Saved entries
══════════════════════════════

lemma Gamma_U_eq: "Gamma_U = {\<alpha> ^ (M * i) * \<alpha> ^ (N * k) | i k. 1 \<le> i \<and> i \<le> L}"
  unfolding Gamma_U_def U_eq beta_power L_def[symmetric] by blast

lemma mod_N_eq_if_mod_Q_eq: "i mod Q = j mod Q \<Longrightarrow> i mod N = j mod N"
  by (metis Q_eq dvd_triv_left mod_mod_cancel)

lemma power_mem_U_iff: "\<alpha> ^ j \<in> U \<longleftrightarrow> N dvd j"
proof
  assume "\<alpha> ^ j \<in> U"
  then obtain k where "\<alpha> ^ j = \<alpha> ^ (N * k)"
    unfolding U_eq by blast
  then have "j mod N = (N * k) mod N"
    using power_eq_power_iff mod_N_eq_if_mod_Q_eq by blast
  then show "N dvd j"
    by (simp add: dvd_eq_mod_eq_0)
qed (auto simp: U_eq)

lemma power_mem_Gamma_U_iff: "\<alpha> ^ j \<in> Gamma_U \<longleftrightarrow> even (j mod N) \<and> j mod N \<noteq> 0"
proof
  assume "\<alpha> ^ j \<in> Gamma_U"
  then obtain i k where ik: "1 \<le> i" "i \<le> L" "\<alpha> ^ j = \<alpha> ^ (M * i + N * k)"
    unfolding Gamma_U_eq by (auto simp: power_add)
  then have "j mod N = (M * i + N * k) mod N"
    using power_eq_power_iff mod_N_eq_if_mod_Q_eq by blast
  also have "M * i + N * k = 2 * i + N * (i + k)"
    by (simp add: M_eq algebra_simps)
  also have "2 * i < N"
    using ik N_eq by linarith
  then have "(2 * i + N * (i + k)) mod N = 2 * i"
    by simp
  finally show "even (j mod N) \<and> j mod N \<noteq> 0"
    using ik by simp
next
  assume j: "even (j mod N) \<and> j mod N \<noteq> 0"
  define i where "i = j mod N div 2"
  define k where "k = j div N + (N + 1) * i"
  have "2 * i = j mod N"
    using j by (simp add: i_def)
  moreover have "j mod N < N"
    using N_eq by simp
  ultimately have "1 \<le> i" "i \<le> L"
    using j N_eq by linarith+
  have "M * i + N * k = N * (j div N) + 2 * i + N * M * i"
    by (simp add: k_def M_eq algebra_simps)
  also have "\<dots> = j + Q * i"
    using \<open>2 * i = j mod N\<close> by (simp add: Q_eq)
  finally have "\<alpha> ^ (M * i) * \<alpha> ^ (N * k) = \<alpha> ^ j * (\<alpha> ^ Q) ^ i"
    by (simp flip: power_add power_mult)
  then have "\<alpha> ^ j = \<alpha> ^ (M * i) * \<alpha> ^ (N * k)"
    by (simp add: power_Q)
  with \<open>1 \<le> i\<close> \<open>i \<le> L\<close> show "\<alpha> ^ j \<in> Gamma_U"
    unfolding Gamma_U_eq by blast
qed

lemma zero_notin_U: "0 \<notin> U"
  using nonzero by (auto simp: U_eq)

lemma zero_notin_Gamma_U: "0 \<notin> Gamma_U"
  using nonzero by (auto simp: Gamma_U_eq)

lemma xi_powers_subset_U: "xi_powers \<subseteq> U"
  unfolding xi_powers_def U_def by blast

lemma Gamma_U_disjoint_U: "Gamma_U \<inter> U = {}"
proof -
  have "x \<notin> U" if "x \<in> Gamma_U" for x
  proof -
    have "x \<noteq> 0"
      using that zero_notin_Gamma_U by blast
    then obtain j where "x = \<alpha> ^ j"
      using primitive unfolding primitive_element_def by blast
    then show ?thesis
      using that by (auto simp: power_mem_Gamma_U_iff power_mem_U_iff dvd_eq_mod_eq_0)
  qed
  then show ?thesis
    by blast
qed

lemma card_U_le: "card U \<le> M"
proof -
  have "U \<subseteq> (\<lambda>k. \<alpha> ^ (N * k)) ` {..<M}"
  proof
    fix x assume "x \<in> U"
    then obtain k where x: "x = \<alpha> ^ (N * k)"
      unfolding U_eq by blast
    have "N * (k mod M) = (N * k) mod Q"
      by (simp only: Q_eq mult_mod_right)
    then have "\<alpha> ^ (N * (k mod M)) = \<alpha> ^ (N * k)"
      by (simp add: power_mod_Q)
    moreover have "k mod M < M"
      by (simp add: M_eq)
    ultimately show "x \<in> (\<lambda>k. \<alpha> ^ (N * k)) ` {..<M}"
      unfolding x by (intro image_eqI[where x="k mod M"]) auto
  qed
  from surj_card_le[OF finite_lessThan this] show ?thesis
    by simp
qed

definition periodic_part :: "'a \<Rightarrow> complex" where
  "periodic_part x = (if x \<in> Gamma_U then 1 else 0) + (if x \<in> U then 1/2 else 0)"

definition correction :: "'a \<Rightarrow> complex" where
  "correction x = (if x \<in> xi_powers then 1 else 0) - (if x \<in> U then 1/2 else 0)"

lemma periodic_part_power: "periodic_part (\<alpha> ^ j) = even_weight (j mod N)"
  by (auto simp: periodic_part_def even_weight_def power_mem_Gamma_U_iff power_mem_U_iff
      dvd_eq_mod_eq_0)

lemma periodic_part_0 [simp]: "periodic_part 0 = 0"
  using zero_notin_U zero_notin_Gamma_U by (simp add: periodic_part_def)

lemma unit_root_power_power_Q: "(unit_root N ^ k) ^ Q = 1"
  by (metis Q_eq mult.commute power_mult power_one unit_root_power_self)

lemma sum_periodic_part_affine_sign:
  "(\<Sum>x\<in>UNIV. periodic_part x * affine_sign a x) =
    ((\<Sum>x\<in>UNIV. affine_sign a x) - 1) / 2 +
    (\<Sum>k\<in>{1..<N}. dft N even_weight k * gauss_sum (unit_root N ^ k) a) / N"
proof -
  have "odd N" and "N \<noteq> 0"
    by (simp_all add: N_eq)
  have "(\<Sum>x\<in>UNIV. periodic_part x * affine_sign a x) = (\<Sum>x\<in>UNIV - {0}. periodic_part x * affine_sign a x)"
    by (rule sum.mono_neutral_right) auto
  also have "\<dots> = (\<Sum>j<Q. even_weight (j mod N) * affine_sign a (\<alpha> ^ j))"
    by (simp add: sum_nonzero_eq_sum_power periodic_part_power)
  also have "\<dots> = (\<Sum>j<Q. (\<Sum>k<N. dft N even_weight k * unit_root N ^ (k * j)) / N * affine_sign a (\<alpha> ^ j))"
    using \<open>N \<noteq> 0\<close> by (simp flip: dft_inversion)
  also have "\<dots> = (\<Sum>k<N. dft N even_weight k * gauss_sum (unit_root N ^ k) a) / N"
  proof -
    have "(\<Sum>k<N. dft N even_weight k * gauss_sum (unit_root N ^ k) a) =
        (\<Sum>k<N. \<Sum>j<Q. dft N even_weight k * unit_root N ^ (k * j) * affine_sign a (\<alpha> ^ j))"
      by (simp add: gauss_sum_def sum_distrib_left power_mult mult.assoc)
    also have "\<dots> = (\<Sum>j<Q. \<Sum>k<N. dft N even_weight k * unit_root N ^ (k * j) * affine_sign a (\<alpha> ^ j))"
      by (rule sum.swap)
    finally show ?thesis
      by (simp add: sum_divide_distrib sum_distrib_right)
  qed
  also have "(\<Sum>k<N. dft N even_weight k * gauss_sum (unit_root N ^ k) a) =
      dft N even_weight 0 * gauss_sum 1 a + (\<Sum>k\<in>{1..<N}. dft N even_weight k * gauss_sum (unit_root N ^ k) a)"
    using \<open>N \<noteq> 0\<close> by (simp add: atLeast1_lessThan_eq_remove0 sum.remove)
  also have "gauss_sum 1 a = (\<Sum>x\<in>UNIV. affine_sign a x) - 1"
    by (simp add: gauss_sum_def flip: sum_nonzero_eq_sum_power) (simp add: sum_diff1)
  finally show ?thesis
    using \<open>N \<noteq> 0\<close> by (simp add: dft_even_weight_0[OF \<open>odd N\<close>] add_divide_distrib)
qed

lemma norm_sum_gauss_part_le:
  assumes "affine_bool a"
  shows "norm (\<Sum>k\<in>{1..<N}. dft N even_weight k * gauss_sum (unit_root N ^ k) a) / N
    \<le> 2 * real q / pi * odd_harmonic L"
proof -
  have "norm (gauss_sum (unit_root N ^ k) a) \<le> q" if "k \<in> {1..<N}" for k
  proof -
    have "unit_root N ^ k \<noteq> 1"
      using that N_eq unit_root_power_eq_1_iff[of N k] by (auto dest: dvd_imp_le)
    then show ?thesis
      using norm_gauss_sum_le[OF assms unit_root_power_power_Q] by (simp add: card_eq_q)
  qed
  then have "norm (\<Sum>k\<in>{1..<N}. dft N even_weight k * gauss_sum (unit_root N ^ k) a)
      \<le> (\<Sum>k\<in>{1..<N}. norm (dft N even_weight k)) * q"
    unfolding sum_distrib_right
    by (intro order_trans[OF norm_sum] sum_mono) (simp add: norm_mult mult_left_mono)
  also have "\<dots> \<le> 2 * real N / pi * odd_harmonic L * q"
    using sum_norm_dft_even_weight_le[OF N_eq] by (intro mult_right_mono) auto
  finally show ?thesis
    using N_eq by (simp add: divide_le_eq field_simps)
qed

══════════════════════════════

§ **Task to complete**: Once you find the line with "using ik by simp" in the entries above, output it and each line after it up to and including the line with "using \<open>2 *", and nothing else.

§ **Answer below**:
    using ik by simp
next
  assume j: "even (j mod N) \<and> j mod N \<noteq> 0"
  define i where "i = j mod N div 2"
  define k where "k = j div N + (N + 1) * i"
  have "2 * i = j mod N"
    using j by (simp add: i_def)
  moreover have "j mod N < N"
    using N_eq by simp
  ultimately have "1 \<le> i" "i \<le> L"
    using j N_eq by linarith+
  have "M * i + N * k = N * (j div N) + 2 * i + N * M * i"
    by (simp add: k_def M_eq algebra_simps)
  also have "\<dots> = j + Q * i"
    using \<open>2 * i = j mod N\<close> by (simp add: Q_eq)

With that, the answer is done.